More than anywhere else, Jackson's Manichaean analysis crashes in its appraisal of entry barriers in the operating systems market. They are not nearly as high as he believes. Given the lightning speed with which information technology today is generating novelty, recent developments threaten not just to lower purported barriers but shatter them entirely. Java, a universal language being developed by Sun, should drastically decrease dependence on Windows. Internet servers that allow surfers to bypass Windows are also on the rise. As one venture capitalist at Accel Partners puts it, "in the past six months, we have not seen a business plan for a conventional packaged software application." Sounds surprising, perhaps, but how else could a single student from Helsinki hobble together a few thousand lines of code that turned into Linux, an operating system with millions of users currently being shipped on IBM and Compaq PC's? The only real barriers to entry in the operating systems market are a mind, a modem and, arguably, a garage.

Regardless, maybe successful companies should just adopt the following enlightened policy: be nice to competitors on e-mail. After all, Microsoft was so darn pugnacious towards Netscape in some of its internal memoranda! Pretend the market is a touchy-feely place. Sanitize the weeping and gnashing of teeth that economist Joseph Schumpeter identified as crucial to a market's quintessential process of "creative destruction." And above all, be sensitive--you should be well within your rights if you do all that, correct?

The only legal guideline congealing from Jackson's royal hemorrhage is that benefitting consumers through constant innovation in a fluid market is wrong. And this blatantly contradicts the rationale of antitrust itself. So much so, in fact, that it becomes quite clear His Majesty's inquest is not about delineating general guidelines. It is about destroying the very idea of general guidelines.

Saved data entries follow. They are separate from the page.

(* For any learning algorithm $\mathcal{A}$ (and any subpopulations $\mathcal{D}_1,\dots,\mathcal{D}_K$, loss $\ell$ and $N\ge1$), one of the following two scenarios must hold: (1) $L^{\mathrm{same}}({\bm{p}})=L^*_N({\bm{p}})$ holds only for a (Lebesgue) measure-zero subset of ${\bm{p}}\in\Delta_K$; (2) $\nabla L^{\mathrm{same}}({\bm{p}})=(f_1({\bm{p}}),\dots,f_K({\bm{p}}))$ (for all ${\bm{p}}\in\mathbb{R}^K_{\ge0}\setminus\{\mathbf{0}\}$).
   Context: Setting: distributions $\mathcal{D}_1,\dots,\mathcal{D}_K$ on $\mathcal{Z}$, a loss $\ell(h,{\bm{z}})$ (all expectations finite), $N\ge1$, a learning algorithm $\mathcal{A}:\mathcal{Z}^N\to\mathcal{H}$. For ${\bm{r}}\in\Delta_K=\{{\bm{r}}\ge0:\sum_kr_k=1\}$, $\bar e_k({\bm{r}})=\mathbb{E}_{S\sim(\sum_jr_j\mathcal{D}_j)^N}\mathbb{E}_{{\bm{z}}\sim\mathcal{D}_k}[\ell(\mathcal{A}(S),{\bm{z}})]$; $f_k({\bm{r}})=\bar e_k({\bm{r}}/|{\bm{r}}|)$ on $\mathbb{R}^K_{\ge0}\setminus\{\mathbf{0}\}$ with $|{\bm{r}}|=\sum_jr_j$; $L_N({\bm{p}},{\bm{r}})=\sum_kp_kf_k({\bm{r}})$; $L^{\mathrm{same}}({\bm{p}})=\sum_kp_kf_k({\bm{p}})$; $L^*_N({\bm{p}})=\min_{{\bm{r}}\in\Delta_K}L_N({\bm{p}},{\bm{r}})$. *)

theory Defs
  imports "HOL-Probability.Probability"
begin

definition prob_simplex :: "(real^'k::finite) set" where
  "prob_simplex = {r. (\<forall>k. 0 \<le> r$k) \<and> (\<Sum>k\<in>UNIV. r$k) = 1}"

definition orthant_nz :: "(real^'k::finite) set" where
  "orthant_nz = {r. \<forall>k. 0 \<le> r$k} - {0}"

definition mixture :: "'z measure \<Rightarrow> ('k::finite \<Rightarrow> 'z measure) \<Rightarrow> real^'k \<Rightarrow> 'z measure" where
  "mixture M D r = measure_of (space M) (sets M)
     (\<lambda>X. \<Sum>k\<in>UNIV. ennreal (r$k) * emeasure (D k) X)"

definition exp_err :: "'z measure \<Rightarrow> ('k::finite \<Rightarrow> 'z measure) \<Rightarrow> ('h \<Rightarrow> 'z \<Rightarrow> real)
    \<Rightarrow> ((nat \<Rightarrow> 'z) \<Rightarrow> 'h) \<Rightarrow> nat \<Rightarrow> real^'k \<Rightarrow> 'k \<Rightarrow> real" where
  "exp_err M D loss A N r k =
     (\<integral>S. (\<integral>z. loss (A S) z \<partial>(D k)) \<partial>(PiM {..<N} (\<lambda>_. mixture M D r)))"

definition ferr :: "'z measure \<Rightarrow> ('k::finite \<Rightarrow> 'z measure) \<Rightarrow> ('h \<Rightarrow> 'z \<Rightarrow> real)
    \<Rightarrow> ((nat \<Rightarrow> 'z) \<Rightarrow> 'h) \<Rightarrow> nat \<Rightarrow> real^'k \<Rightarrow> 'k \<Rightarrow> real" where
  "ferr M D loss A N r k = exp_err M D loss A N ((1 / (\<Sum>j\<in>UNIV. r$j)) *\<^sub>R r) k"

definition LN :: "'z measure \<Rightarrow> ('k::finite \<Rightarrow> 'z measure) \<Rightarrow> ('h \<Rightarrow> 'z \<Rightarrow> real)
    \<Rightarrow> ((nat \<Rightarrow> 'z) \<Rightarrow> 'h) \<Rightarrow> nat \<Rightarrow> real^'k \<Rightarrow> real^'k \<Rightarrow> real" where
  "LN M D loss A N p r = (\<Sum>k\<in>UNIV. p$k * ferr M D loss A N r k)"

definition Lsame :: "'z measure \<Rightarrow> ('k::finite \<Rightarrow> 'z measure) \<Rightarrow> ('h \<Rightarrow> 'z \<Rightarrow> real)
    \<Rightarrow> ((nat \<Rightarrow> 'z) \<Rightarrow> 'h) \<Rightarrow> nat \<Rightarrow> real^'k \<Rightarrow> real" where
  "Lsame M D loss A N p = (\<Sum>k\<in>UNIV. p$k * ferr M D loss A N p k)"

definition Lstar :: "'z measure \<Rightarrow> ('k::finite \<Rightarrow> 'z measure) \<Rightarrow> ('h \<Rightarrow> 'z \<Rightarrow> real)
    \<Rightarrow> ((nat \<Rightarrow> 'z) \<Rightarrow> 'h) \<Rightarrow> nat \<Rightarrow> real^'k \<Rightarrow> real" where
  "Lstar M D loss A N p = (INF r\<in>prob_simplex. LN M D loss A N p r)"

text \<open>A subset of the simplex has (K-1)-dimensional Lebesgue measure zero: its image under
  dropping one coordinate k0 is contained in a Lebesgue null set of R^(K-1).
  (Independent of the choice of k0; we require it for every k0.)\<close>

definition simplex_null :: "(real^'k::finite) set \<Rightarrow> bool" where
  "simplex_null S \<longleftrightarrow> (\<forall>k0. \<exists>Z \<in> null_sets (PiM (UNIV - {k0}) (\<lambda>_. lborel)).
      (\<lambda>p. restrict (\<lambda>i. p$i) (UNIV - {k0})) ` S \<subseteq> Z)"

end

theory Submission
  imports Defs "HOL-Computational_Algebra.Polynomial"
begin

text \<open>Expanding the N-fold product of the mixture of the D_j shows that on the simplex the
  expected error e_k(r) is a homogeneous polynomial Q_k(r) of degree N: the coefficient of
  r_(s 0) * ... * r_(s (N-1)) is the expected loss on D_k when the i-th sample is drawn from
  D_(s i). Hence L_same(p) = (sum_k p_k Q_k(p)) / |p|^N, and its gradient is (f_1(p), ..., f_K(p))
  exactly when the polynomials H_j(p) = |p| sum_k p_k dQ_k/dr_j(p) - N sum_k p_k Q_k(p) vanish at p.

  If p is an interior point of the simplex with L_same(p) = L*_N(p), then p minimises
  r |-> sum_k p_k Q_k(r) on the simplex. By the Lagrange condition the partial derivatives
  sum_k p_k dQ_k/dr_j(p) coincide for all j, and Euler's identity for homogeneous polynomials
  identifies their common value, so H_j(p) = 0. Either all H_j vanish on the orthant, which is
  scenario (2), or some H_j is nonzero somewhere and, being homogeneous, somewhere on the simplex.
  Then the points with L_same = L*_N lie in the zero set of H_j or in the zero set of prod_i p_i,
  and the zero set of a polynomial that does not vanish identically on the simplex is a null set,
  which is scenario (1).\<close>

section \<open>Calculus on the simplex\<close>

lemma linear_vec_expansion:
  fixes f :: "real^'n \<Rightarrow> real"
  assumes "linear f"
  shows "f x = (\<Sum>i\<in>UNIV. x$i * f (axis i 1))"
proof -
  have "f x = f (\<Sum>i\<in>UNIV. x$i *\<^sub>R axis i 1)"
    using basis_expansion[of x] by (simp add: scalar_mult_eq_scaleR)
  also have "\<dots> = (\<Sum>i\<in>UNIV. x$i * f (axis i 1))"
    using assms by (simp add: linear_sum linear_scale)
  finally show ?thesis .
qed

That is what is at stake in this finding of fact. The particular repercussions of his His Majesty's anti-corporate-screed-masquerading-as-law notwithstanding, what is most profoundly disturbing is his implicit rejection of law as a framework within which free moral agents can make informed choices. Given his ruling, how can any company of the future know in advance when improving product A is "monopolistic?" Or when serving the consumer is "predatory?" It cannot. And the moral bankruptcy of such schemes is, therefore, akin to all ex post facto legislation. It is no different from any other attempt to punish someone today for an action performed legally yesterday.

Such a vision is nothing more than an atavistic embrace of law as the institutionalization of whim. It leads to a view of human activity repugnant to the one held out by our Constitution and abhorrent to any conception of dignity. In downgrading men and women to the playthings of dictatorial caprice, it denies us our free will. Ten years after the Berlin Wall collapsed, we might pause to consider whether a vision like that should stand.

Boleslaw Z. Kabala '03 is a first-year living in Matthews Hall.